= Source material =
↓

(* Let $\Omega=(\lambda x.x\,x)(\lambda x.x\,x)$. Then $\Omega\approx^p_{\emptyset}\mathcal Sk.\Omega$.
   Context: Terms of $\lambda_S$: $t ::= x \mid \lambda x.t \mid t\,t \mid \mathcal{S}k.t \mid \langle t\rangle$ (shift binds $k$; $\langle\cdot\rangle$ reset), up to $\alpha$-conversion. Values $v::=\lambda x.t$. Pure contexts $E ::= \Box \mid v\,E \mid E\,t$; evaluation contexts $F ::= \Box \mid v\,F \mid F\,t \mid \langle F\rangle$. Reduction: $F[(\lambda x.t)v]\to F[t\{v/x\}]$; $F[\langle E[\mathcal Sk.t]\rangle]\to F[\langle t\{\lambda x.\langle E[x]\rangle/k\}\rangle]$ ($x\notin\mathrm{fv}(E)$); $F[\langle v\rangle]\to F[v]$; $\to^*$ reflexive-transitive closure. Program: term $\langle t\rangle$ (ranged over by $p$). Closures: for $R$ a relation on closed terms, $\widetilde R$ is the smallest relation containing $R$, all $(x,x)$, closed under all term constructors, restricted to closed terms; $\widehat R$ is the smallest relation on closed evaluation contexts with $\Box\widehat R\Box$, $v_0F_0\widehat Rv_1F_1$ if $F_0\widehat RF_1,v_0\widetilde Rv_1$; $F_0t_0\widehat RF_1t_1$ if $F_0\widehat RF_1,t_0\widetilde Rt_1$; $\langle F_0\rangle\widehat R\langle F_1\rangle$ if $F_0\widehat RF_1$. Environmental bisimilarity for programs: an environment $\mathcal E$ is a relation on closed values; an environmental relation $\mathcal X$ is a set of environments and triples $(\mathcal E,t_0,t_1)$, $t_0,t_1$ closed, written $t_0\mathcal X_{\mathcal E}t_1$. $\mathcal X$ is an environmental bisimulation for programs if (1) if $t_0\mathcal X_{\mathcal E}t_1$ and $t_0,t_1$ are not both programs, then for all pure $E_0\widehat{\mathcal E}E_1$, $\langle E_0[t_0]\rangle\mathcal X_{\mathcal E}\langle E_1[t_1]\rangle$; (2) if $p_0\mathcal X_{\mathcal E}p_1$: (a) $p_0\to p_0'$ (program) implies $p_1\to^*p_1'$ (program) with $p_0'\mathcal X_{\mathcal E}p_1'$; (b) $p_0\to v_0$ implies $p_1\to^*v_1$ and $\{(v_0,v_1)\}\cup\mathcal E\in\mathcal X$; (c) symmetric conditions; (3) for $\mathcal E\in\mathcal X$, $(\lambda x.t_0)\mathcal E(\lambda x.t_1)$ and $v_0\widetilde{\mathcal E}v_1$ imply $t_0\{v_0/x\}\mathcal X_{\mathcal E}t_1\{v_1/x\}$. $\approx^p$ is the largest such relation; $t_0\approx^p_{\emptyset}t_1$ means $(\emptyset,t_0,t_1)\in\approx^p$. *)

theory Defs
  imports Main
begin
(* Given a finite-dimensional E in H and eps > 0 we produce the witness f (x) y:
   (1) the unit ball of E lies in a compact set, so its unit sphere has a finite
       delta-net T_1, ..., T_n (finite-dimensional normed spaces, first part);
   (2) n(X*,f) = 1 means every functional, hence by Hahn-Banach every operator T, almost
       attains its norm on every slice {x in B_X : f x > 1 - delta} (second and third
       part; Hahn-Banach is proved here via Zorn's lemma because the library lacks it);
   (3) choosing test points x_i in the slice with T_i x_i almost normed and y octahedral
       for span {T_i x_i}, evaluation at x_i shows that ||T + mu (f (x) y)|| is almost
       1 + |mu| for all T in the unit sphere of E (fourth part);
   (4) homogeneity extends this from the unit sphere to all of E. *)

text \<open>Norm equivalence in finite dimension, proved without coordinates.\<close>
lemma compact_bounded_combinations:
  fixes C :: "'v::real_normed_vector set"
  assumes "finite C"
  shows "compact {\<Sum>b\<in>C. c b *\<^sub>R b | c. \<forall>b\<in>C. \<bar>c b\<bar> \<le> R}"
  using assms
proof (induction C rule: finite_induct)
  case empty
  then show ?case by simp
next
  case (insert a C)
  let ?K = "\<lambda>C. {\<Sum>b\<in>C. c b *\<^sub>R b | c. \<forall>b\<in>C. \<bar>c b\<bar> \<le> R}"
  have seg: "compact ((\<lambda>t. t *\<^sub>R a) ` {-R..R})"
    by (intro compact_continuous_image continuous_intros compact_Icc)
  have "?K (insert a C) = {x + y | x y. x \<in> (\<lambda>t. t *\<^sub>R a) ` {-R..R} \<and> y \<in> ?K C}"
  proof (intro set_eqI iffI)
    fix v assume "v \<in> ?K (insert a C)"
    then obtain c where v: "v = (\<Sum>b\<in>insert a C. c b *\<^sub>R b)"
      and c_bd: "\<forall>b\<in>insert a C. \<bar>c b\<bar> \<le> R"
      by blast
    have "(\<Sum>b\<in>insert a C. c b *\<^sub>R b) = c a *\<^sub>R a + (\<Sum>b\<in>C. c b *\<^sub>R b)"
      using insert.hyps by simp
    then have v_eq: "v = c a *\<^sub>R a + (\<Sum>b\<in>C. c b *\<^sub>R b)" using v by simp
    show "v \<in> {x + y | x y. x \<in> (\<lambda>t. t *\<^sub>R a) ` {-R..R} \<and> y \<in> ?K C}"
    proof -
      have "c a *\<^sub>R a \<in> (\<lambda>t. t *\<^sub>R a) ` {-R..R}"
        using c_bd by (auto simp: abs_le_iff)
      moreover have "(\<Sum>b\<in>C. c b *\<^sub>R b) \<in> ?K C" using c_bd by blast
      ultimately show ?thesis using v_eq by blast
    qed
  next
    fix v assume "v \<in> {x + y | x y. x \<in> (\<lambda>t. t *\<^sub>R a) ` {-R..R} \<and> y \<in> ?K C}"
    then obtain t c where v: "v = t *\<^sub>R a + (\<Sum>b\<in>C. c b *\<^sub>R b)" and t: "\<bar>t\<bar> \<le> R"
      and c: "\<forall>b\<in>C. \<bar>c b\<bar> \<le> R"
      by (auto simp: abs_le_iff)
    have "(\<Sum>b\<in>C. (c(a := t)) b *\<^sub>R b) = (\<Sum>b\<in>C. c b *\<^sub>R b)"
      using insert.hyps by (intro sum.cong) auto
    then have "v = (\<Sum>b\<in>insert a C. (c(a := t)) b *\<^sub>R b)"
      using insert.hyps by (simp add: v)
    moreover have "\<forall>b\<in>insert a C. \<bar>(c(a := t)) b\<bar> \<le> R" using t c by simp
    ultimately show "v \<in> ?K (insert a C)" by blast
  qed
  then show ?case using compact_sums[OF seg insert.IH] by simp
qed

lemma coefficient_bound:
  fixes C :: "'v::real_normed_vector set"
  assumes fin: "finite C" and m: "m > 0"
    and low: "m * (\<Sum>b\<in>C. \<bar>c b\<bar>) \<le> norm (\<Sum>b\<in>C. c b *\<^sub>R b)"
    and r: "norm (\<Sum>b\<in>C. c b *\<^sub>R b) \<le> r" and b: "b \<in> C"
  shows "\<bar>c b\<bar> \<le> r / m"
proof -
  have "\<bar>c b\<bar> \<le> (\<Sum>b\<in>C. \<bar>c b\<bar>)"
    using member_le_sum[of b C "\<lambda>b. \<bar>c b\<bar>"] fin b by auto
  then have "m * \<bar>c b\<bar> \<le> r" using low r m by (meson order_trans mult_left_mono less_imp_le)
  then show ?thesis using m by (simp add: field_simps)
qed

text \<open>Such a lower bound makes the span closed: a convergent sequence in the span has
  eventually bounded coefficients, hence lies in a compact set of combinations.\<close>
lemma closed_span_of_coefficient_bound:
  fixes C :: "'v::real_normed_vector set"
  assumes fin: "finite C" and m: "m > 0"
    and low: "\<And>c. m * (\<Sum>b\<in>C. \<bar>c b\<bar>) \<le> norm (\<Sum>b\<in>C. c b *\<^sub>R b)"
  shows "closed (span C)"
  unfolding closed_sequential_limits
proof (intro allI impI, elim conjE)
  fix s l assume s: "\<forall>n. s n \<in> span C" and lim: "s \<longlonglongrightarrow> l"
  define R where "R = (norm l + 1) / m"
  define K where "K = {\<Sum>b\<in>C. c b *\<^sub>R b | c. \<forall>b\<in>C. \<bar>c b\<bar> \<le> R}"
  have "eventually (\<lambda>n. norm (s n) < norm l + 1) sequentially"
    using order_tendstoD(2)[OF tendsto_norm[OF lim]] by simp
  then have "eventually (\<lambda>n. s n \<in> K) sequentially"
  proof (rule eventually_mono)
    fix n assume sn: "norm (s n) < norm l + 1"
    obtain c where c: "s n = (\<Sum>b\<in>C. c b *\<^sub>R b)"
      using s span_finite[OF fin] by (metis (no_types, lifting) imageE)
    have "\<forall>b\<in>C. \<bar>c b\<bar> \<le> R"
      unfolding R_def using coefficient_bound[OF fin m low] sn c by (simp add: less_imp_le)
    then show "s n \<in> K" unfolding K_def using c by blast
  qed
  then have "l \<in> K"
    using compact_imp_closed[OF compact_bounded_combinations[OF fin]] lim
    by (intro Lim_in_closed_set[of K]) (auto simp: K_def)
  then show "l \<in> span C" unfolding K_def by (auto intro: span_sum span_scale span_base)
qed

↑

= Exercise directions =
Whenever "blast" shows up in a line of the listing, copy that whole line.

= Response to the exercise =
      by blast
      moreover have "(\<Sum>b\<in>C. c b *\<^sub>R b) \<in> ?K C" using c_bd by blast
      ultimately show ?thesis using v_eq by blast
    ultimately show "v \<in> ?K (insert a C)" by blast
    then show "s n \<in> K" unfolding K_def using c by blast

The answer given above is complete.